Single-family housing construction will continue to decline as rising mortgage rates further deter demand for new and existing homes. In the near term, there will still be many projects that require installation or replacement of HVAC systems as well as plumbing systems as builders work on their backlog of houses under construction as well as those recently started or about to be started, though the number of these is declining.
Around the middle of 2023, the Fed is likely stop raising interest rates. At that point it will pause for several months to assess the impact of higher rates on inflation, which we expect will be clearly falling towards an acceptable level. With inflation largely under control, in 2024 the Fed will begin to slowly lower its target federal funds rate in 25 basis point increments over a number of months. The result for single-family housing demand will be a bottoming of housing starts in late 2023/early 2024 and slow improvement throughout 2024.
Some homeowners who would like to purchase a larger new or existing home that better meets their needs but do not believe they can afford to do so under prevailing interest rates and also may be reluctant to give up their current low interest mortgage loan will turn to undertaking an upgrade of their house. For some of these people that will mean a new kitchen, adding a bathroom, adding air conditioning to their home (this will be particularly true for parts of the country that traditionally have not had nor needed AC but are facing hotter summers due to climate change), or replacing or upgrading their current HVAC system. Also, in many parts of the West that continue to face drought conditions, many homeowners and landlords will want to repair/replace older pipes that leak water and install water saving devices.
For those who do not already own a home and are priced out of the housing market, they must either live with family or friends or rent a place to live (possibly with roommates). Thus, the demand for rental units (both single-family and multifamily units) will remain high. This will support build for rent and multifamily projects over the 2023 and 2024 period, though at a lower level. All of these projects will require installation of HVAC systems as well as plumbing.
Proper air flow and ease of maintenance will continue to be a high priority for HVAC systems installed in both single-family and multifamily units. Also, plumbing fixtures utilizing touchless technology will continue to be a requirement for shared bathrooms and other common areas (e.g., shared kitchens) for multifamily projects.
There is also the small but significant movement to convert retail (primarily malls), lodging, and office space to residential space. These projects require extensive reconfiguring/replacement and installation of both plumbing and HVAC systems over a long period of time. These projects tend to be expensive, which limits their adoption in more than a few cases, but can provide a significant opportunity for the plumbing and heating contractor who secures that business.
Office Construction
The demand for office space has been adversely affected by fallout from the pandemic.
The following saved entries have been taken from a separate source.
(* Assume $f_\rho\in\mathscr H_K$. Let $(\gamma_t)_{t\ge1}$ and $(\lambda_t)_{t\ge0}$ be sequences of positive reals, both converging to $0$, and let $(f_t)_{t\ge0}$ be the online sequence defined below with an arbitrary initial value $f_0\in\mathscr H_K$. Suppose that (A) $\sum_{t\ge1}\gamma_t\lambda_t=\infty$; (B) $\displaystyle\limsup_{n\to\infty}\sum_{k=1}^n\gamma_k^2\prod_{i=k+1}^n(1-\gamma_i\lambda_i)^2=0$; (C) $\displaystyle\limsup_{n\to\infty}\sum_{k=1}^n\|f_{\lambda_k}-f_{\lambda_{k-1}}\|_K\prod_{i=k+1}^n(1-\gamma_i\lambda_i)=0$. Then $\displaystyle\lim_{t\to\infty}\mathbb E\big[\|f_t-f_\rho\|_K^2\big]=0$.
   Context: Setting. $\mathscr X\subseteq\mathbb R^n$ is closed, $\mathscr Y=\mathbb R$, $\mathscr Z=\mathscr X\times\mathscr Y$, and $\rho$ is a Borel probability measure on $\mathscr Z$ with marginal $\rho_{\mathscr X}$ on $\mathscr X$ and conditional distributions $\rho_{\mathscr Y|x}$; the regression function is $f_\rho(x)=\int_{\mathscr Y}y\,d\rho_{\mathscr Y|x}(y)$. It is assumed that $\operatorname{supp}\rho\subseteq\mathscr X\times[-M_\rho,M_\rho]$ for a constant $M_\rho\ge0$. $K:\mathscr X\times\mathscr X\to\mathbb R$ is a Mercer kernel (continuous, symmetric, positive semidefinite) with $\kappa:=\sup_{x\in\mathscr X}\sqrt{K(x,x)}<\infty$; $K_x:=K(x,\cdot)$; $\mathscr H_K$ is the associated reproducing kernel Hilbert space with inner product $\langle\cdot,\cdot\rangle_K$, norm $\|\cdot\|_K$ and reproducing property $f(x)=\langle f,K_x\rangle_K$. $\|\cdot\|_\rho$ is the norm of $L^2_{\rho_{\mathscr X}}$. $L_Kf(x)=\int_{\mathscr X}K(x,u)f(u)\,d\rho_{\mathscr X}(u)$; as an operator on $L^2_{\rho_{\mathscr X}}$ it is compact, positive and self-adjoint, and all its eigenvalues are assumed positive; powers $L_K^r$ ($r>0$) are defined through its orthonormal eigensystem. The statement "$L_K^{-r}f_\rho\in L^2_{\rho_{\mathscr X}}$" means $f_\rho=L_K^rg$ for some $g\in L^2_{\rho_{\mathscr X}}$, and then $\|L_K^{-r}f_\rho\|_\rho:=\|g\|_\rho$. For $\lambda>0$, $f_\lambda:=(L_K+\lambda I)^{-1}L_Kf_\rho\in\mathscr H_K$ (the minimizer over $\mathscr H_K$ of $\int(f(x)-y)^2\,d\rho+\lambda\|f\|_K^2$). Online algorithm. $(x_t,y_t)_{t\ge1}$ are i.i.d. with law $\rho$; given $f_0\in\mathscr H_K$ and positive sequences $(\gamma_t)$, $(\lambda_t)$, define for $t\ge1$: $f_t=f_{t-1}-\gamma_t\big[(f_{t-1}(x_t)-y_t)K_{x_t}+\lambda_tf_{t-1}\big]$.
   Formalization: Every element of $\mathscr H_K$ that vanishes $\rho_{\mathscr X}$-almost everywhere is also assumed to be zero, so $\mathscr H_K$ embeds injectively into $L^2_{\rho_{\mathscr X}}$. The paper assumes this as well. *)

theory Defs
  imports "HOL-Probability.Probability"
begin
The acceptance of many companies of remote work and the rise of the hybrid model that incorporates a mix of in-office and remote work has reduced demand for office space. Most financial services companies are now requiring employees return to the office most if not all of the work week. Companies that have embraced the hybrid model still need some office space for when workers are needed or required to be in the office. Companies that no longer need all the space they are currently leasing frequently sub-lease their excess space, adding further downward pressure on the need for new office buildings.
In the 2023 and 2024, there will be few new large projects. There will be some limited demand for renovation of existing space. Most new office construction will be smaller projects in the suburbs and in the South and Southwest. This may prove to be an opportunity for plumbing and heating contractors as there will be many small projects requiring the installation of plumbing and HVAC systems rather than large systems in big office buildings.
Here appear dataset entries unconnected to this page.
lemma integral_Z_component: "(\<integral>\<omega>. Z \<omega> $ i \<partial>M) = 0"
proof -
  have "integrable M Z"
  proof (rule Bochner_Integration.integrable_bound[of M "\<lambda>\<omega>. \<Sum>i\<in>UNIV. \<bar>Z \<omega> $ i\<bar>"])
    show "integrable M (\<lambda>\<omega>. \<Sum>i\<in>UNIV. \<bar>Z \<omega> $ i\<bar>)" using integrable_Z_component by auto
    show "AE \<omega> in M. norm (Z \<omega>) \<le> norm (\<Sum>i\<in>UNIV. \<bar>Z \<omega> $ i\<bar>)"
      using norm_le_l1_cart by (auto intro!: AE_I2 simp: sum_nonneg)
  qed measurable
  then have "(\<integral>\<omega>. Z \<omega> $ i \<partial>M) = integral\<^sup>L M Z $ i"
    by (rule integral_bounded_linear[OF bounded_linear_vec_nth])
  with EZ show ?thesis by simp
qed

lemma integrable_inner_Z: "integrable M (\<lambda>\<omega>. v \<bullet> Z \<omega>)"
  unfolding inner_vec_sum using integrable_Z_component by auto

lemma cond_exp_RY: "AE \<omega> in M. real_cond_exp M (sigmaZ M Z) (\<lambda>\<omega>. \<xi>Y (U \<omega>) + \<zeta> \<omega>) \<omega> = 0"
proof -
  interpret S: sigma_finite_subalgebra M "sigmaZ M Z" by (rule sigma_finite_sigmaZ)
  interpret G: sigma_finite_subalgebra M sigma\<eta>ZU by (rule sigma_finite_sigma\<eta>ZU)
  have "subalgebra sigma\<eta>ZU (sigmaZ M Z)"
    using sets_vimage_algebra_subset[OF measurable_sigma\<eta>ZU[of "\<lambda>(_, z, _). z"]]
    unfolding subalgebra_def sigmaZ_def by simp
  with G.subalg have "AE \<omega> in M. real_cond_exp M (sigmaZ M Z) (real_cond_exp M sigma\<eta>ZU \<zeta>) \<omega>
      = real_cond_exp M (sigmaZ M Z) \<zeta> \<omega>"
    using i\<zeta> by (rule S.real_cond_exp_nested_subalg)
  moreover have "AE \<omega> in M. real_cond_exp M (sigmaZ M Z) (real_cond_exp M sigma\<eta>ZU \<zeta>) \<omega>
      = real_cond_exp M (sigmaZ M Z) (\<lambda>_. 0) \<omega>"
    by (rule S.real_cond_exp_cong[OF ce\<zeta>]) (use borel_measurable_cond_exp2 in auto)
  moreover have "AE \<omega> in M. real_cond_exp M (sigmaZ M Z) (\<lambda>_. 0) \<omega> = 0"
    by (rule S.real_cond_exp_F_meas) auto
  moreover have "AE \<omega> in M. real_cond_exp M (sigmaZ M Z) (\<lambda>\<omega>. \<xi>Y (U \<omega>)) \<omega> = 0"
    using real_cond_exp_indep[OF indep[folded sigmaZ_def] sigma_finite_sigmaZ
        subalgebra_vimage_algebra[OF mU] measurable_sigmaU[OF m\<xi>Y] i\<xi>Y] E\<xi>Y by simp
  moreover have "AE \<omega> in M. real_cond_exp M (sigmaZ M Z) (\<lambda>\<omega>. \<xi>Y (U \<omega>) + \<zeta> \<omega>) \<omega>
      = real_cond_exp M (sigmaZ M Z) (\<lambda>\<omega>. \<xi>Y (U \<omega>)) \<omega> + real_cond_exp M (sigmaZ M Z) \<zeta> \<omega>"
    by (rule S.real_cond_exp_add[OF i\<xi>Y i\<zeta>])
  ultimately show ?thesis by eventually_elim simp
qed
Beyond that, existing office buildings still require normal inspection and maintenance of their HVAC and plumbing systems.
Conversion of hotel and retail space to office space (the opposite of the conversion of office space to residential space), is a small but significant portion of the construction landscape. Again, these projects can provide the plumbing and heating contractor a good amount of work for a single project.
Retail Construction
Over half of the growth in retail construction spending has been due to warehouse construction. New bars and restaurants have also been opening up, frequently taking over existing space from shuttered food service establishments. In these cases, major renovations often are needed. Another development is online commercial sites opening brick-and-mortar stores, again requiring updating existing HVAC and plumbing systems.
The outlook for commercial construction over the next two years is poor. Thus, there will be few opportunities for plumbing contractors in this area of construction. What opportunities that will arise will be for bars and restaurant which will require high quality HVAC systems that provide good ventilation with filters that capture most pathogens and pollutants. Also, there is the need for touchless plumbing fixtures in both the bathrooms and the kitchens.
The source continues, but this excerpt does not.